During the fermentation period, a variety of data (alcohol percentage, sake meter value, sugar levels, etc.) is collected daily, and all of it is graphed by hand. Everyday, data is used to analyze the fermentation progress so that we can decide on the next day’s temperature and so on. Dassai produces 900 bottles of sake in a year, an exceedingly large amount. We found our “ideal numbers” through repetition.

Data is not everything

We started using this style of brewing in the winter of 1999 and had the fundamentals down in the first three years. The sake data analysis traditionally performed by a head brewer was done by me, the president, instead. However, I could not keep doing it by myself. Thus, three years in, we hired someone part-time, and this part-time employee conducted the data analysis. That is how we operate today.

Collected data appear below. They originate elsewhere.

lemma FM_basis_expansion:
  assumes v: "v \<in> carrier FM" and B: "finite B" "B \<subseteq> I" "{i\<in>I. v i \<noteq> \<zero>} \<subseteq> B"
  shows "v = (\<Oplus>\<^bsub>FM\<^esub>j\<in>B. v j \<odot>\<^bsub>FM\<^esub> basis j)"
proof -
  have cl: "(\<lambda>j. v j \<odot>\<^bsub>FM\<^esub> basis j) \<in> B \<rightarrow> carrier FM"
    using v B by (auto intro!: FM_smult_closed basis_closed FM_val)
  show ?thesis
  proof (rule FM_eqI[OF v])
    show "(\<Oplus>\<^bsub>FM\<^esub>j\<in>B. v j \<odot>\<^bsub>FM\<^esub> basis j) \<in> carrier FM"
      using cl by (rule F.finsum_closed)
  next
    fix i assume i: "i \<in> I"
    have "(\<Oplus>\<^bsub>FM\<^esub>j\<in>B. v j \<odot>\<^bsub>FM\<^esub> basis j) i = (\<Oplus>j\<in>B. (v j \<odot>\<^bsub>FM\<^esub> basis j) i)"
      using FM_finsum[OF B(1) cl] i by simp
    also have "\<dots> = (\<Oplus>j\<in>B. if i = j then v j else \<zero>)"
      by (rule finsum_cong') (use i v B in \<open>auto simp: FM_simps basis_def FM_val\<close>)
    also have "\<dots> = v i"
    proof (cases "i \<in> B")
      case True
      have "v \<in> B \<rightarrow> carrier A" using B v FM_val by auto
      then show ?thesis using finsum_singleton[of i B v] B True by simp
    next
      case False
      then have "v i = \<zero>" using B(3) i by auto
      moreover have "(\<Oplus>j\<in>B. if i = j then v j else \<zero>) = \<zero>"
        using False by (intro add.finprod_one_eqI) auto
      ultimately show ?thesis by simp
    qed
    finally show "v i = (\<Oplus>\<^bsub>FM\<^esub>j\<in>B. v j \<odot>\<^bsub>FM\<^esub> basis j) i" by simp
  qed
qed

end

lemma linear_map_closed: "linear_map A M N f \<Longrightarrow> x \<in> carrier M \<Longrightarrow> f x \<in> carrier N"
  unfolding linear_map_def by auto
lemma sum_congruence:
  fixes G :: "real^'n^'n" and N :: "real^'k^'n" and F :: "'k \<Rightarrow> 'k \<Rightarrow> 'a::real_vector"
  shows "(\<Sum>n\<in>UNIV. \<Sum>r\<in>UNIV. G$n$r *\<^sub>R (\<Sum>a\<in>UNIV. \<Sum>b\<in>UNIV. (N$n$a * N$r$b) *\<^sub>R F a b))
       = (\<Sum>a\<in>UNIV. \<Sum>b\<in>UNIV. (transpose N ** G ** N)$a$b *\<^sub>R F a b)"
proof -
  have entry: "(transpose N ** G ** N)$a$b = (\<Sum>n\<in>UNIV. \<Sum>r\<in>UNIV. G$n$r * (N$n$a * N$r$b))" for a b
  proof -
    have "(transpose N ** G ** N)$a$b = (\<Sum>r\<in>UNIV. \<Sum>n\<in>UNIV. G$n$r * (N$n$a * N$r$b))"
      by (simp add: matrix_matrix_mult_def transpose_def sum_distrib_left mult_ac)
    also have "\<dots> = (\<Sum>n\<in>UNIV. \<Sum>r\<in>UNIV. G$n$r * (N$n$a * N$r$b))"
      by (rule sum.swap)
    finally show ?thesis .
  qed
  have "(\<Sum>n\<in>UNIV. \<Sum>r\<in>UNIV. G$n$r *\<^sub>R (\<Sum>a\<in>UNIV. \<Sum>b\<in>UNIV. (N$n$a * N$r$b) *\<^sub>R F a b))
      = (\<Sum>n\<in>UNIV. \<Sum>r\<in>UNIV. \<Sum>a\<in>UNIV. \<Sum>b\<in>UNIV. (G$n$r * (N$n$a * N$r$b)) *\<^sub>R F a b)"
    by (simp add: scaleR_sum_right)
  also have "\<dots> = (\<Sum>a\<in>UNIV. \<Sum>b\<in>UNIV. \<Sum>n\<in>UNIV. \<Sum>r\<in>UNIV. (G$n$r * (N$n$a * N$r$b)) *\<^sub>R F a b)"
    by (rule sum_swap_pairs)
  also have "\<dots> = (\<Sum>a\<in>UNIV. \<Sum>b\<in>UNIV. (transpose N ** G ** N)$a$b *\<^sub>R F a b)"
    by (simp add: entry scaleR_sum_left)
  finally show ?thesis .
qed

lemma congruence_of_inverse:
  fixes N E G Ginv :: "'a::field^'n^'n"
  assumes "N ** E ** transpose N = Ginv" "Ginv ** G = mat 1" "E ** E = mat 1"
  shows "transpose N ** G ** N = E"
proof -
  have "N ** (E ** transpose N ** G) = mat 1"
    using assms(1,2) by (simp add: matrix_mul_assoc)
  then have "E ** (transpose N ** G ** N) = mat 1"
    by (metis matrix_left_right_inverse matrix_mul_assoc)
  then have "E ** E ** (transpose N ** G ** N) = E"
    by (metis matrix_mul_assoc matrix_mul_rid)
  then show ?thesis
    using assms(3) by simp
qed

lemma matrix_inv_left: "invertible A \<Longrightarrow> matrix_inv A ** A = mat 1"
  unfolding invertible_def matrix_inv_def by (rule someI2_ex) auto

lemma minkowski_mult_self: "minkowski ** minkowski = mat 1"
proof -
  define d :: "4 \<Rightarrow> real" where "d i = (if i = 0 then 1 else -1)" for i
  have diag: "minkowski = (\<chi> i j. if i = j then d i else 0)"
    unfolding minkowski_def d_def by (rule refl)
  have "(if i = k then d i else 0) * (if k = j then d k else 0)
      = (if k = i then (if i = j then 1 else 0) else 0)" for i j k :: 4
    by (simp add: d_def)
  then show ?thesis
    by (simp add: diag matrix_matrix_mult_def mat_def vec_eq_iff)
qed

lemma minkowski_diagonal_sum:
  fixes F :: "4 \<Rightarrow> 4 \<Rightarrow> 'a::real_vector"
  shows "(\<Sum>a\<in>UNIV. \<Sum>b\<in>UNIV. minkowski$a$b *\<^sub>R F a b) = (\<Sum>a\<in>UNIV. minkowski$a$a *\<^sub>R F a a)"
proof (rule sum.cong[OF refl])
  fix a
  have "(\<Sum>b\<in>UNIV. minkowski$a$b *\<^sub>R F a b)
      = (\<Sum>b\<in>UNIV. if b = a then minkowski$a$a *\<^sub>R F a a else 0)"
    by (rule sum.cong) (auto simp: minkowski_def)
  then show "(\<Sum>b\<in>UNIV. minkowski$a$b *\<^sub>R F a b) = minkowski$a$a *\<^sub>R F a a"
    by simp
qed

lemma lorentzian_metric_ginv:
  assumes "lorentzian_metric U g" "x \<in> U"
  shows "ginv g x ** g x = mat 1"
proof -
  obtain P where "transpose P ** g x ** P = minkowski"
    using assms unfolding lorentzian_metric_def by blast
  then have "det P * det (g x) * det P = det minkowski"
    by (metis det_mul det_transpose)
  moreover have "det minkowski * det minkowski = 1"
    by (metis det_I det_mul minkowski_mult_self)
  ultimately have "det (g x) \<noteq> 0"
    by auto
  then show ?thesis
    unfolding ginv_def by (simp add: matrix_inv_left invertible_det_nz)
qed

text \<open>sigma^0 = e followed by the standard Pauli matrices; index 0 (which equals 4 in type 4)
  is also the time index of minkowski.\<close>

definition pauli :: "4 \<Rightarrow> cmat" where
  "pauli a = (\<chi> i j.
     if a = 0 then (if i = j then 1 else 0)
     else if a = 1 then (if i = j then 0 else 1)
     else if a = 2 then (if i = j then 0 else if i = 1 then - \<i> else \<i>)
     else (if i = j then (if i = 1 then 1 else -1) else 0))"

lemma pim_pauli: "pim (pauli a) = (if a = 0 then 0 else pauli a)"
  by (simp add: pauli_def pim_def pip_def mtrace_def sum_2 mat_def vec_eq_iff)

lemma linear_pim: "linear pim"
  by (rule linearI) (simp_all add: pim_def pip_def mtrace_def mat_def vec_eq_iff sum.distrib
      scaleR_sum_right algebra_simps)

lemma pauli_sandwich_sum:
  "pauli 1 ** X ** pauli 1 + pauli 2 ** X ** pauli 2 + pauli 3 ** X ** pauli 3
     = mat (2 * mtrace X) - X"
  by (simp add: pauli_def vec_eq_iff forall_2 sum_2 matrix_matrix_mult_def mtrace_def mat_def
      algebra_simps)

lemma minkowski_pauli_twirl:
  "(\<Sum>a\<in>UNIV. \<Sum>b\<in>UNIV. minkowski$a$b *\<^sub>R (pim (pauli a) ** X ** pim (pauli b)))
     = X - mat (2 * mtrace X)"
proof -
  have "(\<Sum>a\<in>UNIV. \<Sum>b\<in>UNIV. minkowski$a$b *\<^sub>R (pim (pauli a) ** X ** pim (pauli b)))
      = - (pauli 1 ** X ** pauli 1 + pauli 2 ** X ** pauli 2 + pauli 3 ** X ** pauli 3)"
    by (simp add: minkowski_diagonal_sum sum_4 pim_pauli minkowski_def)
  also have "\<dots> = X - mat (2 * mtrace X)"
    unfolding pauli_sandwich_sum by (rule minus_diff_eq)
  finally show ?thesis .
qed

definition pauli_coords :: "cmat \<Rightarrow> real^4" where
  "pauli_coords A = (\<chi> a.
     if a = 0 then Re (A$1$1 + A$2$2) / 2
     else if a = 1 then Re (A$2$1)
     else if a = 2 then Im (A$2$1)
     else Re (A$1$1 - A$2$2) / 2)"

lemma herm_entries:
  assumes "herm A"
  shows "Im (A$1$1) = 0" "Im (A$2$2) = 0" "A$1$2 = cnj (A$2$1)"
proof -
  have "A$i$j = cnj (A$j$i)" for i j
    using assms unfolding herm_def by blast
  then show "Im (A$1$1) = 0" "Im (A$2$2) = 0" "A$1$2 = cnj (A$2$1)"
    by (metis cnj.sel(2) neg_equal_zero)+
qed

lemma herm_pauli_expansion:
  assumes "herm A"
  shows "A = (\<Sum>a\<in>UNIV. pauli_coords A $ a *\<^sub>R pauli a)"
  using herm_entries[OF assms]
  by (simp add: vec_eq_iff forall_2 sum_4 pauli_def pauli_coords_def complex_eq_iff field_simps)

lemma herm_clifford_pauli_coords:
  assumes "herm A" "herm B"
  shows "A ** tilde B + B ** tilde A
       = (2 * (pauli_coords A \<bullet> (minkowski *v pauli_coords B))) *\<^sub>R mat 1"
  using herm_entries[OF assms(1)] herm_entries[OF assms(2)]
  by (simp add: vec_eq_iff forall_2 sum_2 sum_4 pauli_coords_def minkowski_def inner_vec_def
      matrix_vector_mult_def matrix_matrix_mult_def tilde_def pip_def pim_def mtrace_def mat_def
      complex_eq_iff algebra_simps divide_simps)

definition clifford_frame :: "real^4^4 \<Rightarrow> (4 \<Rightarrow> cmat) \<Rightarrow> bool" where
  "clifford_frame Ginv K \<longleftrightarrow> (\<forall>n. herm (K n)) \<and>
     (\<forall>m n. K m ** tilde (K n) + K n ** tilde (K m) = (2 * Ginv$m$n) *\<^sub>R mat 1)"

lemma clifford_frame_pauli_coords:
  assumes "clifford_frame Ginv K"
  shows "(\<chi> n. pauli_coords (K n)) ** minkowski ** transpose (\<chi> n. pauli_coords (K n)) = Ginv"
proof -
  define N where "N = (\<chi> n. pauli_coords (K n))"
  have "(N ** minkowski ** transpose N)$m$n = Ginv$m$n" for m n
  proof -
    have "(N ** minkowski ** transpose N)$m$n
        = (\<Sum>b\<in>UNIV. \<Sum>a\<in>UNIV. N$m$a * minkowski$a$b * N$n$b)"
      by (simp add: matrix_matrix_mult_def transpose_def sum_distrib_right)
    also have "\<dots> = (\<Sum>a\<in>UNIV. \<Sum>b\<in>UNIV. N$m$a * minkowski$a$b * N$n$b)"
      by (rule sum.swap)
    also have "\<dots> = pauli_coords (K m) \<bullet> (minkowski *v pauli_coords (K n))"
      by (simp add: N_def inner_vec_def matrix_vector_mult_def sum_distrib_left mult_ac)
    finally have entry: "(N ** minkowski ** transpose N)$m$n
        = pauli_coords (K m) \<bullet> (minkowski *v pauli_coords (K n))" .
    have "(2 * (pauli_coords (K m) \<bullet> (minkowski *v pauli_coords (K n)))) *\<^sub>R (mat 1 :: cmat)
        = (2 * Ginv$m$n) *\<^sub>R mat 1"
      using assms herm_clifford_pauli_coords unfolding clifford_frame_def by metis
    then have "((2 * (pauli_coords (K m) \<bullet> (minkowski *v pauli_coords (K n)))) *\<^sub>R (mat 1 :: cmat))$1$1
        = ((2 * Ginv$m$n) *\<^sub>R (mat 1 :: cmat))$1$1"
      by (simp only:)
    then show ?thesis
      by (simp add: entry mat_def)
  qed
  then show ?thesis
    by (simp add: N_def vec_eq_iff)
qed

lemma clifford_frame_sandwich:
  assumes frame: "clifford_frame Ginv K" and inv: "Ginv ** G = mat 1"
  shows "(\<Sum>n\<in>UNIV. pim (K n) ** X ** (\<Sum>r\<in>UNIV. G$n$r *\<^sub>R pim (K r)))
       = X - mat (2 * mtrace X)"
proof -
  define N where "N = (\<chi> n. pauli_coords (K n))"
  have coords: "pim (K n) = (\<Sum>a\<in>UNIV. N$n$a *\<^sub>R pim (pauli a))" for n
  proof -
    have "herm (K n)"
      using frame by (simp add: clifford_frame_def)
    then have "pim (K n) = pim (\<Sum>a\<in>UNIV. N$n$a *\<^sub>R pauli a)"
      unfolding N_def by (subst herm_pauli_expansion) simp_all
    then show ?thesis
      by (simp add: linear_sum[OF linear_pim] linear_scale[OF linear_pim] o_def)
  qed
  have metric: "transpose N ** G ** N = minkowski"
    using clifford_frame_pauli_coords[OF frame] inv minkowski_mult_self
    unfolding N_def by (rule congruence_of_inverse)
  have "(\<Sum>n\<in>UNIV. pim (K n) ** X ** (\<Sum>r\<in>UNIV. G$n$r *\<^sub>R pim (K r)))
      = (\<Sum>n\<in>UNIV. \<Sum>r\<in>UNIV. G$n$r *\<^sub>R (pim (K n) ** X ** pim (K r)))"
    by (simp add: matrix_mult_sum_right matrix_mult_scaleR_right)
  also have "\<dots> = (\<Sum>n\<in>UNIV. \<Sum>r\<in>UNIV. G$n$r *\<^sub>R
      (\<Sum>a\<in>UNIV. \<Sum>b\<in>UNIV. (N$n$a * N$r$b) *\<^sub>R (pim (pauli a) ** X ** pim (pauli b))))"
    by (simp only: coords sandwich_sum_expand)
  also have "\<dots> = (\<Sum>a\<in>UNIV. \<Sum>b\<in>UNIV. minkowski$a$b *\<^sub>R (pim (pauli a) ** X ** pim (pauli b)))"
    by (simp only: sum_congruence metric)
  also have "\<dots> = X - mat (2 * mtrace X)"
    by (rule minkowski_pauli_twirl)
  finally show ?thesis .
qed

lemma clifford_frame_commutator_contraction:
  assumes frame: "clifford_frame Ginv K" and inv: "Ginv ** G = mat 1" and traceless: "mtrace C = 0"
  shows "(\<Sum>nu\<in>UNIV. comm C (pim (K nu)) ** (\<Sum>rho\<in>UNIV. G$nu$rho *\<^sub>R pim (K rho)))
       = (-4) *\<^sub>R C"
proof -
  have "(\<Sum>nu\<in>UNIV. comm C (pim (K nu)) ** (\<Sum>rho\<in>UNIV. G$nu$rho *\<^sub>R pim (K rho)))
      = C ** (\<Sum>nu\<in>UNIV. pim (K nu) ** mat 1 ** (\<Sum>rho\<in>UNIV. G$nu$rho *\<^sub>R pim (K rho)))
        - (\<Sum>nu\<in>UNIV. pim (K nu) ** C ** (\<Sum>rho\<in>UNIV. G$nu$rho *\<^sub>R pim (K rho)))"
    by (simp add: comm_def matrix_mult_diff_left matrix_mult_sum_right sum_subtractf matrix_mul_assoc)
  also have "\<dots> = C ** (mat 1 - mat (2 * mtrace (mat 1))) - (C - mat (2 * mtrace C))"
    by (simp only: clifford_frame_sandwich[OF frame inv])
  also have "\<dots> = C ** (mat 1 - mat (2 * mtrace (mat 1))) - C"
    using traceless by simp
  also have "\<dots> = (-4) *\<^sub>R C"
    by (simp add: vec_eq_iff forall_2 sum_2 matrix_matrix_mult_def mtrace_def mat_def
        scaleR_conv_of_real)
  finally show ?thesis .
qed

However, not everything can be predicted in sake brewing. Even if we use today’s techniques to analyze everything and obtain the numbers, what will happen tomorrow is uncertain. That is the limit. If we don’t recognize our own inability to know, we run into trouble. At the end of the day, a human must use the data and make the decisions.

--No matter how much data there is, a human has the final say.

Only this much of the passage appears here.